На станции – привал, чаепитие с управляющим Никольского, Николаем Игнатьевичем, докладывающим матери никольские новости, и, наконец, вожделенный миг: мать садится в карету, а меня сажают на козлы рядом с кучером, и мы трогаемся в долгий сорокаверстный путь. Сначала медленно продвигаемся шагом через хляби лесной дороги. Но вот лес редеет, отступает, и передо мной, куда ни посмотришь, - ширь полей с разбросанными по ней деревнями и особенно с маячащими на горизонте сельскими церковками, этими своеобразными вехами на нашем пути. И катим мы через десятки деревень, которые при восходящем солнце раннего летнего утра кажутся такими весёлыми и приветливыми. И чем ближе мы к Никольскому, тем чаще нам кланяются встречные крестьяне, и мне, маленькому мальчику, ещё не искушённому в прозе житейских отношений, радостно, что все-то нас знают, все-то к нам любовно относятся, и сама эта деревенская ширь нам точно ласково улыбается.

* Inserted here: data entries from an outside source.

(* Let $\Gamma$ be a nonempty set and $\mathcal{S}$ a family of subsets of $\Gamma$ containing all singletons of $\Gamma$. For $s\in\mathcal{S}$ let $s^*\in J\mathcal{S}^*$ be the functional determined by $s^*(\phi)=\sum_{a\in s}\phi(a)$ for finitely supported $\phi$, and let $D=\{\sum_{i=1}^n\lambda_i s_i^*: n\in\mathbb{N},\ \lambda_i\in\mathbb{R},\ s_i\in\mathcal{S},\ s_1,\dots,s_n \text{ pairwise disjoint},\ \sum_{i=1}^n\lambda_i^2\le1\}$. Then the $w^*$-closure of $D$ contains all extreme points of the closed unit ball of $J\mathcal{S}^*$.
   Context: For a finitely supported function $\phi:\Gamma\to\mathbb{R}$, the James-$\mathcal{S}$ norm is $\|\phi\|=\sup\big(\sum_{i=1}^n(\sum_{a\in s_i}\phi(a))^2\big)^{1/2}$, the supremum over all finite families of pairwise disjoint elements $s_1,\dots,s_n$ of $\mathcal{S}$; $J\mathcal{S}$ is the completion of the finitely supported real functions on $\Gamma$ in this norm. One has $\|s^*\|\le1$ and $D$ lies in the unit ball of $J\mathcal{S}^*$. *)

theory Defs
  imports "HOL-Analysis.Analysis"
begin

text \<open>The index set Gamma is the (nonempty) type 'a.  Finitely supported functions.\<close>
definition supp :: "('a \<Rightarrow> real) \<Rightarrow> 'a set" where
  "supp \<phi> = {a. \<phi> a \<noteq> 0}"

definition fin_supp :: "('a \<Rightarrow> real) \<Rightarrow> bool" where
  "fin_supp \<phi> \<longleftrightarrow> finite (supp \<phi>)"

definition setsum :: "('a \<Rightarrow> real) \<Rightarrow> 'a set \<Rightarrow> real" where
  "setsum \<phi> s = sum \<phi> (s \<inter> supp \<phi>)"

definition js_norm :: "'a set set \<Rightarrow> ('a \<Rightarrow> real) \<Rightarrow> real" where
  "js_norm S \<phi> = sqrt (Sup {(\<Sum>i<n. (setsum \<phi> (s i))\<^sup>2) | (n::nat) s.
       (\<forall>i<n. s i \<in> S) \<and> (\<forall>i<n. \<forall>j<n. i \<noteq> j \<longrightarrow> s i \<inter> s j = {})})"

text \<open>A functional f on JS is identified with g a = f(e_a); then f(phi) = pairing g phi for
  finitely supported phi, and g determines f since finitely supported functions are dense. \<close>
definition pairing :: "('a \<Rightarrow> real) \<Rightarrow> ('a \<Rightarrow> real) \<Rightarrow> real" where
  "pairing g \<phi> = sum (\<lambda>a. g a * \<phi> a) (supp \<phi>)"

definition dual_ball :: "'a set set \<Rightarrow> ('a \<Rightarrow> real) set" where
  "dual_ball S = {g. \<forall>\<phi>. fin_supp \<phi> \<longrightarrow> \<bar>pairing g \<phi>\<bar> \<le> js_norm S \<phi>}"

text \<open>s* corresponds to the indicator function of s.  The set D: \<close>
definition D_set :: "'a set set \<Rightarrow> ('a \<Rightarrow> real) set" where
  "D_set S = {(\<lambda>a. \<Sum>i<n. lam i * indicator (s i) a) | (n::nat) lam s.
       (\<forall>i<n. s i \<in> S) \<and> (\<forall>i<n. \<forall>j<n. i \<noteq> j \<longrightarrow> s i \<inter> s j = {}) \<and>
       (\<Sum>i<n. (lam i)\<^sup>2) \<le> 1}"

definition extreme_pt :: "('a \<Rightarrow> real) \<Rightarrow> ('a \<Rightarrow> real) set \<Rightarrow> bool" where
  "extreme_pt x K \<longleftrightarrow> x \<in> K \<and>
     (\<forall>y\<in>K. \<forall>z\<in>K. \<forall>t::real. 0 < t \<and> t < 1 \<and> x = (\<lambda>a. t * y a + (1 - t) * z a)
        \<longrightarrow> y = x \<and> z = x)"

Деревня Владимирской губ., 1878 г.
А затем последние этапы пути: когда мы подъезжаем к «погосту», т.е. к одиноко, вне посёлка, стоящей церкви Михаила Архангела, я знаю наперёд, что увижу сейчас Никольское, и мой взор жадно ищет вдали очертания приземистой маленькой церковки. Быстро проносимся через соседнюю с Никольским деревушку Фидяково, и, наконец, кучер пускает четвёрку во весь опор, карета мчится как угорелая через село и торжественно подкатывает на обширный, покрытый зелёной муравой и окруженный хозяйственными постройками господский двор, к помещичьему дому…»
С. Никольское и окрестности, фрагмент карты конца XVIII в. "Никольское, при речке Шижегде (или Шихе), находится от Юрьева в 40 верстах, от Владимира во 100 верстах. Исстари существует храм в честь Святителя и Чудотворца Николая; а Красенским называется потому, что оно находилось во владении помещиков Красенских. В 1790 г. помещица Наталья Николаевна Красенская с помощью прихожан построила в селе каменную церковь, вероятно, вместо деревянной церкви. Эта церковь без особенных изменений существует до настоящего времени". - В.Березин. Историко-статистическое описание Владимирской Епархии. Вып. 3. М., 1890 г.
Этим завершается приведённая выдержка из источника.